Ragam  

Hari Santri di Subang, Abah Maung: Tak Ada Kemerdekaan Tanpa Santri dan Ulama

SUBANG, TINTAHIJAU.COM – Peringatan Hari Santri Nasional tingkat Kabupaten Subang berlangsung khidmat di halaman Kantor Pemkab Subang, Selasa (22/10/2025). Ratusan santri dan siswa perwakilan pondok pesantren se-Kabupaten Subang mengikuti apel akbar tersebut.

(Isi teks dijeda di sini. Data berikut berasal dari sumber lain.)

(* Let $f$ be a probability density on $\mathbb{R}$ with $f\in\mathbb{L}_2$ and $f(x)=f(-x)$ for all $x$. Let $\Theta$ be a compact subset of $(0,1/2)\times(\mathbb{R}^2\setminus\Delta)$, $\Delta=\{(x,x):x\in\mathbb{R}\}$, let $\theta_0=(p_0,\alpha_0,\beta_0)\in\Theta$ and $g(x)=p_0f(x-\alpha_0)+(1-p_0)f(x-\beta_0)$. Let $W$ be a probability measure on $\mathbb{R}$ which is absolutely continuous with respect to Lebesgue measure and whose support is $\mathbb{R}$. For $\theta\in\Theta$ define $$S(\theta)=\int_{\mathbb{R}}\left(\mathrm{Im}\left(\frac{g^*(u)}{M(\theta,u)}\right)\right)^2dW(u),$$ where $M(\theta,u)=pe^{iu\alpha}+(1-p)e^{iu\beta}$ for $\theta=(p,\alpha,\beta)$. Then $S$ is a contrast function: for all $\theta\in\Theta$, $S(\theta)\ge 0$, and $S(\theta)=0$ if and only if $\theta=\theta_0$.
   Context: $f^*(u)=\int_{\mathbb{R}}e^{ixu}f(x)\,dx$ denotes the Fourier transform. *)

theory Defs
  imports "HOL-Analysis.Analysis" "HOL-Probability.Probability"
begin

definition fourier :: "(real \<Rightarrow> real) \<Rightarrow> real \<Rightarrow> complex" where
  "fourier f u = (LINT x|lborel. cis (x * u) * complex_of_real (f x))"

definition prob_density :: "(real \<Rightarrow> real) \<Rightarrow> bool" where
  "prob_density f \<longleftrightarrow> f \<in> borel_measurable lborel \<and> (\<forall>x. 0 \<le> f x)
     \<and> integrable lborel f \<and> (LINT x|lborel. f x) = 1"

definition measure_support :: "real measure \<Rightarrow> real set" where
  "measure_support W = {x. \<forall>e>0. 0 < emeasure W (ball x e)}"

definition mixM :: "real \<times> real \<times> real \<Rightarrow> real \<Rightarrow> complex" where
  "mixM \<theta> u = (case \<theta> of (p, a, b) \<Rightarrow>
      complex_of_real p * cis (u * a) + complex_of_real (1 - p) * cis (u * b))"

definition contrastS :: "real measure \<Rightarrow> (real \<Rightarrow> real) \<Rightarrow> real \<times> real \<times> real \<Rightarrow> real" where
  "contrastS W g \<theta> = (LINT u|W. (Im (fourier g u / mixM \<theta> u))\<^sup>2)"

end

theory Submission
  imports Defs
begin

text \<open>
  Since f is even, its Fourier transform f* is real, and the transform of the mixture g is
  f* times M(\<theta>0, -); this gives S(\<theta>0) = 0. Conversely, the integrand of S is
  continuous and W has full support, so S(\<theta>) = 0 forces Im (f* M(\<theta>0, u) / M(\<theta>, u)) = 0
  for all u; as f* does not vanish near 0, M(\<theta>0, u) cnj (M(\<theta>, u)) is real on a
  neighbourhood of 0. That product is a trigonometric polynomial, and exponentials with distinct
  frequencies are linearly independent on every open set, so the coefficient of each frequency
  \<plusminus>(x i - y j) vanishes, x and y being the atoms of the two mixtures. Comparing the
  extreme frequencies shows that the two mixtures coincide, and p < 1/2 excludes the label swap.
\<close>

lemma has_vector_derivative_cis_linear:
  "((\<lambda>u. cis (w * u)) has_vector_derivative \<i> * complex_of_real w * cis (w * u)) (at u)"
  unfolding cis_conv_exp
  by (auto intro!: derivative_eq_intros simp: has_vector_derivative_complex_iff Re_exp Im_exp algebra_simps)

lemma cis_sum_vanishing_on_open_imp_coeff_zero:
  fixes c :: "real \<Rightarrow> complex"
  assumes "finite \<Omega>" "open S" "u0 \<in> S"
    and "\<forall>u\<in>S. (\<Sum>w\<in>\<Omega>. c w * cis (w * u)) = 0"
    and "w \<in> \<Omega>"
  shows "c w = 0"
  using assms
proof (induction \<Omega> arbitrary: c w rule: finite_induct)
  case empty
  then show ?case by simp
next
  case (insert w0 \<Omega>)
  let ?F = "\<lambda>c u. \<Sum>w\<in>insert w0 \<Omega>. c w * cis (w * u)"
  \<comment> \<open>Differentiating the sum and subtracting \<open>\<i> w0\<close> times it removes the frequency w0.\<close>
  define c' where "c' w = \<i> * complex_of_real (w - w0) * c w" for w
  have "(\<Sum>w\<in>\<Omega>. c' w * cis (w * u)) = 0" if "u \<in> S" for u
  proof -
    have "(?F c has_vector_derivative
            (\<Sum>w\<in>insert w0 \<Omega>. c w * (\<i> * complex_of_real w * cis (w * u)))) (at u)"
      by (intro has_vector_derivative_sum has_vector_derivative_mult_right
          has_vector_derivative_cis_linear)
    moreover have "(?F c has_vector_derivative 0) (at u)"
      by (rule has_vector_derivative_transform_within_open[OF has_vector_derivative_const \<open>open S\<close> that])
         (use insert.prems(3) in auto)
    ultimately have "?F (\<lambda>w. \<i> * complex_of_real w * c w) u = 0"
      using vector_derivative_unique_at by (simp add: ac_simps)
    moreover have "?F c u = 0" using insert.prems(3) that by blast
    ultimately have "?F (\<lambda>w. \<i> * complex_of_real w * c w) u - \<i> * complex_of_real w0 * ?F c u = 0"
      by simp
    then show ?thesis
      using insert.hyps by (simp add: c'_def sum_distrib_left algebra_simps sum_subtractf[symmetric])
  qed
  then have c'_zero: "c' w = 0" if "w \<in> \<Omega>" for w
    using insert.IH insert.prems(1,2) that by blast
  have "c w = 0" if "w \<in> \<Omega>" for w
    using c'_zero[OF that] insert.hyps(2) that by (auto simp: c'_def)
  then have "(\<Sum>w\<in>\<Omega>. c w * cis (w * u0)) = 0"
    by simp
  moreover have "?F c u0 = 0"
    using insert.prems(2,3) by blast
  ultimately have "c w0 * cis (w0 * u0) = 0"
    using insert.hyps by simp
  then show ?case
    using insert.prems(4) \<open>\<And>w. w \<in> \<Omega> \<Longrightarrow> c w = 0\<close> by auto
qed

text \<open>
  For \<phi> u = (\<Sum>i. A i cis (x i u)) and \<psi> u = (\<Sum>j. B j cis (y j u)), this is the coefficient
  of cis (w u) in \<phi> cnj \<psi> - cnj \<phi> \<psi> = 2 \<i> Im (\<phi> cnj \<psi>).
\<close>
definition cross_coeff ::
    "('i \<Rightarrow> real) \<Rightarrow> ('i \<Rightarrow> real) \<Rightarrow> ('j \<Rightarrow> real) \<Rightarrow> ('j \<Rightarrow> real) \<Rightarrow> real \<Rightarrow> real" where
  "cross_coeff x A y B w =
     (\<Sum>(i, j) \<in> {(i, j). x i - y j = w}. A i * B j) - (\<Sum>(i, j) \<in> {(i, j). y j - x i = w}. A i * B j)"

lemma sum_cis_group:
  fixes \<omega> :: "'k \<Rightarrow> real"
  assumes "finite K" "finite \<Omega>" "\<omega> ` K \<subseteq> \<Omega>"
  shows "(\<Sum>w\<in>\<Omega>. complex_of_real (\<Sum>k\<in>{k\<in>K. \<omega> k = w}. a k) * cis (w * u))
         = (\<Sum>k\<in>K. complex_of_real (a k) * cis (\<omega> k * u))"
proof -
  have "(\<Sum>w\<in>\<Omega>. complex_of_real (\<Sum>k\<in>{k\<in>K. \<omega> k = w}. a k) * cis (w * u))
        = (\<Sum>w\<in>\<Omega>. \<Sum>k\<in>{k\<in>K. \<omega> k = w}. complex_of_real (a k) * cis (\<omega> k * u))"
    by (simp add: sum_distrib_right)
  also have "\<dots> = (\<Sum>k\<in>K. complex_of_real (a k) * cis (\<omega> k * u))"
    by (rule sum.group[OF assms])
  finally show ?thesis .
qed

Hadir dalam kesempatan itu, Bupati Subang Reynaldi Putra, Wakil Bupati Agus Masykur Rosyadi, jajaran pejabat Pemkab Subang, serta para kiai dan pimpinan pondok pesantren dari berbagai wilayah di Subang.

Usai apel, Panglima Garda Santri Nasional sekaligus Pimpinan Pondok Pesantren Raudlatul Hasanah Subang, Kiai Muhammad Abdul Mukmin atau akrab disapa Abah Maung, menyampaikan pesan tegas kepada seluruh santri Indonesia.

“Pada dasarnya, tidak ada kemerdekaan kalau tidak ada santri dan ulama,” tegas Abah Maung.

Ia mengingatkan bahwa di era modern dan globalisasi saat ini, santri harus memahami tiga hal penting agar mampu menghadapi tantangan zaman.

“Yang pertama bi’ilmil ulama, santri harus paham dengan manfaatnya ilmu ulama. Yang kedua bihikmatil hukama, santri harus menguasai teknologi, memahami dunia cyber dan perkembangannya,” jelasnya.

Lalu, Abah Maung menambahkan poin ketiga yang menjadi penegasan semangat juang seorang santri.

“Yang ketiga, berjuang jangan pernah berhenti. Di tengah gurun tidak ada air setetes pun, santri harus tetap siap untuk berjuang,” ujarnya penuh semangat.

Menurutnya, tantangan terhadap dunia santri saat ini semakin berat, terutama dengan maraknya pengaruh negatif di ruang digital dan tekanan terhadap pesantren. Karena itu, santri harus terus memperkuat ilmu, kebijaksanaan, dan semangat perjuangan agar mampu bertahan sekaligus berkontribusi bagi bangsa.

“Harus diingat, yang membunuh Jenderal Mallaby dalam perang 10 November itu santri bernama Harun, dan yang menyobek bendera Belanda itu santri bernama Asy’ari,” katanya.

Ia menegaskan, santri di era modernisasi harus menjadi generasi yang tangguh dan mengikuti perkembangan zaman, tanpa meninggalkan nilai-nilai pesantren dan semangat perjuangan para pendahulu.

“Tekanan terhadap santri makin besar, tapi justru di situ tantangan kita. Santri harus siap menghadapi zaman yang luar biasa ini,” tutupnya.